▶ Prompt:
Line count for "where": give the number of lines in the records below that hold it, and nothing else.

* * * * * * *

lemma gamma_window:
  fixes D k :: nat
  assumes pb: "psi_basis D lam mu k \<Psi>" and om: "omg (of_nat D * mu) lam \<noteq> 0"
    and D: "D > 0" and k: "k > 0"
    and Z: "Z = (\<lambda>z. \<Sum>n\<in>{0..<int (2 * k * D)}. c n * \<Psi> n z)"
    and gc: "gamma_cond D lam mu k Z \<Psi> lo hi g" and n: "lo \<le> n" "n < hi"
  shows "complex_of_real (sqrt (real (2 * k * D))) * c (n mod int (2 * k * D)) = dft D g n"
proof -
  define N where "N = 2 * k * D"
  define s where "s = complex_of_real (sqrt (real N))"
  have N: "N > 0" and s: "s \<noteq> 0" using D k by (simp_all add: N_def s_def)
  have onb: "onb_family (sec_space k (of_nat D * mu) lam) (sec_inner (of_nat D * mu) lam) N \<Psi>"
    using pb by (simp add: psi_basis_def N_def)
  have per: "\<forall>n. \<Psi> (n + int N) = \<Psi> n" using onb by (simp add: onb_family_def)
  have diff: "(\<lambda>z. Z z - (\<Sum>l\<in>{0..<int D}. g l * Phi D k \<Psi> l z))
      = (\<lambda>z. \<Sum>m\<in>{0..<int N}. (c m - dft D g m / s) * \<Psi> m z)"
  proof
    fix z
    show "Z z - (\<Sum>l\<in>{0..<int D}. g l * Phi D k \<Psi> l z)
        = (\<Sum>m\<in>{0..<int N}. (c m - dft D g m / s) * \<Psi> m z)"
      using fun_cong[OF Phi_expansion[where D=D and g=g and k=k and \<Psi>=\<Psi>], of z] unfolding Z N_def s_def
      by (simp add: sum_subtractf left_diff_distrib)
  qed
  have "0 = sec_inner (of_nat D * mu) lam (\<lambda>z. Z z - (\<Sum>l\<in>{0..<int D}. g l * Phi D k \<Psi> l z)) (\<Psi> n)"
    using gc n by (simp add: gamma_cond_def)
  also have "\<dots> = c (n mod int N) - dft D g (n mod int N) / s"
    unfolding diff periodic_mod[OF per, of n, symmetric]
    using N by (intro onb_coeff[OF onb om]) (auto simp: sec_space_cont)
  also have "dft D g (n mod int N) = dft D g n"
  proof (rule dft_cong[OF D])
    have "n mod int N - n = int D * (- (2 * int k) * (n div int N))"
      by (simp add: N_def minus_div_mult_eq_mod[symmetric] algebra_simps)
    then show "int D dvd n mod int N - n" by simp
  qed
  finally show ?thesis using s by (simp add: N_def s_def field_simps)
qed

* * * * * * *

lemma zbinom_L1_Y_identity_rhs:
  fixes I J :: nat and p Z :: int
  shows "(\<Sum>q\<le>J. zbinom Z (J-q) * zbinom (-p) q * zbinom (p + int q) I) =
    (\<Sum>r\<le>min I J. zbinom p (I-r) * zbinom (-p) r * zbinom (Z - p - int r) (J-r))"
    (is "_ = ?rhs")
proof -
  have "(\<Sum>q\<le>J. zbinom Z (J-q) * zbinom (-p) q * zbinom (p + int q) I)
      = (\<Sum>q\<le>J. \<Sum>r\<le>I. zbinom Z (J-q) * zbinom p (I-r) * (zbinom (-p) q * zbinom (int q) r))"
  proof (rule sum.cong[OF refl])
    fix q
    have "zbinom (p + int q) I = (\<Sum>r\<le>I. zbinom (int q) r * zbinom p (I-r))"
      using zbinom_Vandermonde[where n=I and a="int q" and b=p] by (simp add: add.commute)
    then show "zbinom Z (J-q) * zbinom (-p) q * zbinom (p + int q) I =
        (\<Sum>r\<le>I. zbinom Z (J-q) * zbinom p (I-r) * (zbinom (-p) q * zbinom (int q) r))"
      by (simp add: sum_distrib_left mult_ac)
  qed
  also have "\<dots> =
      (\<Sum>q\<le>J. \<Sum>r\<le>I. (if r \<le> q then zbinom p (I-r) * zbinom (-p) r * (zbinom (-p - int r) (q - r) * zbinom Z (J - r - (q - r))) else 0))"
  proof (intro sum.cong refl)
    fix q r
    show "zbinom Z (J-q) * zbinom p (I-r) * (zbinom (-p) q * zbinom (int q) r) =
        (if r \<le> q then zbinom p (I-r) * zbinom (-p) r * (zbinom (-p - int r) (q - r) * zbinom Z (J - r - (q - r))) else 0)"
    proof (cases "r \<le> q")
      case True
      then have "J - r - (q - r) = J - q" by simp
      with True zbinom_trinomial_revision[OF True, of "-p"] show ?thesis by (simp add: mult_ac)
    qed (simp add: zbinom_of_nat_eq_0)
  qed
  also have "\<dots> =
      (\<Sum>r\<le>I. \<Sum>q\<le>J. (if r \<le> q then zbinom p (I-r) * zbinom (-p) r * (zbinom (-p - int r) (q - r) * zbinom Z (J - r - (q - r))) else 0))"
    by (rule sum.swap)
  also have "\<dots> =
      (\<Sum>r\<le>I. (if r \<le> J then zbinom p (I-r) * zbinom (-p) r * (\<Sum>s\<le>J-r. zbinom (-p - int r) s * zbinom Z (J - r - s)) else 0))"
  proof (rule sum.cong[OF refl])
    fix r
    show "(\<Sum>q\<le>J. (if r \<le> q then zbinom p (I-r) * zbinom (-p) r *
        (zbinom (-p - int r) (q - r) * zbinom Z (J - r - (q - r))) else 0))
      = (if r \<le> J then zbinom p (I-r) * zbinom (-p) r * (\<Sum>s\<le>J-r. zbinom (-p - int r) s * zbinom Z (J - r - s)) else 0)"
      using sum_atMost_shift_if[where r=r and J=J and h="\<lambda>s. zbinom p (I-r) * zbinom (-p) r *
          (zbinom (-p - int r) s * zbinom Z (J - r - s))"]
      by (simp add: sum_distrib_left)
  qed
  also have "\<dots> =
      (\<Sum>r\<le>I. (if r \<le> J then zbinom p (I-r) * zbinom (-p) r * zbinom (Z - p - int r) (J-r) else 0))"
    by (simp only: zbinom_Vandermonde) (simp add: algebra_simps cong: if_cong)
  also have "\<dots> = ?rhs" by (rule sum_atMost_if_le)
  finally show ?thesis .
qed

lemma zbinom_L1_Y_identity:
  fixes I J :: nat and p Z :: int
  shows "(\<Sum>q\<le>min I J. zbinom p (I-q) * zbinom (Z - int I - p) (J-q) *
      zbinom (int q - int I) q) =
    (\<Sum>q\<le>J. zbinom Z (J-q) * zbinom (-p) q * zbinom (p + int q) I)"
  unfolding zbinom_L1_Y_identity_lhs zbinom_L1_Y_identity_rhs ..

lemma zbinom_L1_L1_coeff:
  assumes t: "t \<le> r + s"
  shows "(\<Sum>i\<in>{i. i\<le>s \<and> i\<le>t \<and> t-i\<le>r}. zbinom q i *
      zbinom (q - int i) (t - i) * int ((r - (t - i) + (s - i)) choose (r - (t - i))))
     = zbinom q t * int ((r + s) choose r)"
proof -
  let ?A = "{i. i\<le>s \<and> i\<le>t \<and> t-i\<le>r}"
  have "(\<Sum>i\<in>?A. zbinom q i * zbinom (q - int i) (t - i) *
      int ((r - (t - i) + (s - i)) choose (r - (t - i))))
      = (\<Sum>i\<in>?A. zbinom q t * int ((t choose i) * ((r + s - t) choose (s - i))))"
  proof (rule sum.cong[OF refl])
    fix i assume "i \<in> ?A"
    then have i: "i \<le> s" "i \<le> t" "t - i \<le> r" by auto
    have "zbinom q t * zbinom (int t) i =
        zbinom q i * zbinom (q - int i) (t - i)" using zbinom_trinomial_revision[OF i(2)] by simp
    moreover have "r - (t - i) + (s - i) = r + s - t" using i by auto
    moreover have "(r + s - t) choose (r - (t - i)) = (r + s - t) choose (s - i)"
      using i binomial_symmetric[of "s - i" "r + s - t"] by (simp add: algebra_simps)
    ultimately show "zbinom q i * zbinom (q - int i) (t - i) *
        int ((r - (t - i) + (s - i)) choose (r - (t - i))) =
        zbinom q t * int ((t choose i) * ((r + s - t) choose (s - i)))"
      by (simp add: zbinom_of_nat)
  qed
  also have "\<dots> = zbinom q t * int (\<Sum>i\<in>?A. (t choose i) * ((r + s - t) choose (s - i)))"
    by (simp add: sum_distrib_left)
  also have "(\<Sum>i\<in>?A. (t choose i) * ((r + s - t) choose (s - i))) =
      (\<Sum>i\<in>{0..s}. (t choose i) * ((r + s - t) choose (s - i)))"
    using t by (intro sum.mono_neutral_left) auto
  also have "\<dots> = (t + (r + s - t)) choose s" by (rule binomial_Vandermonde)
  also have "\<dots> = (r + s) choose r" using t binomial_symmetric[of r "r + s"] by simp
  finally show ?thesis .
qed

* * * * * * *

▶ Response area:
5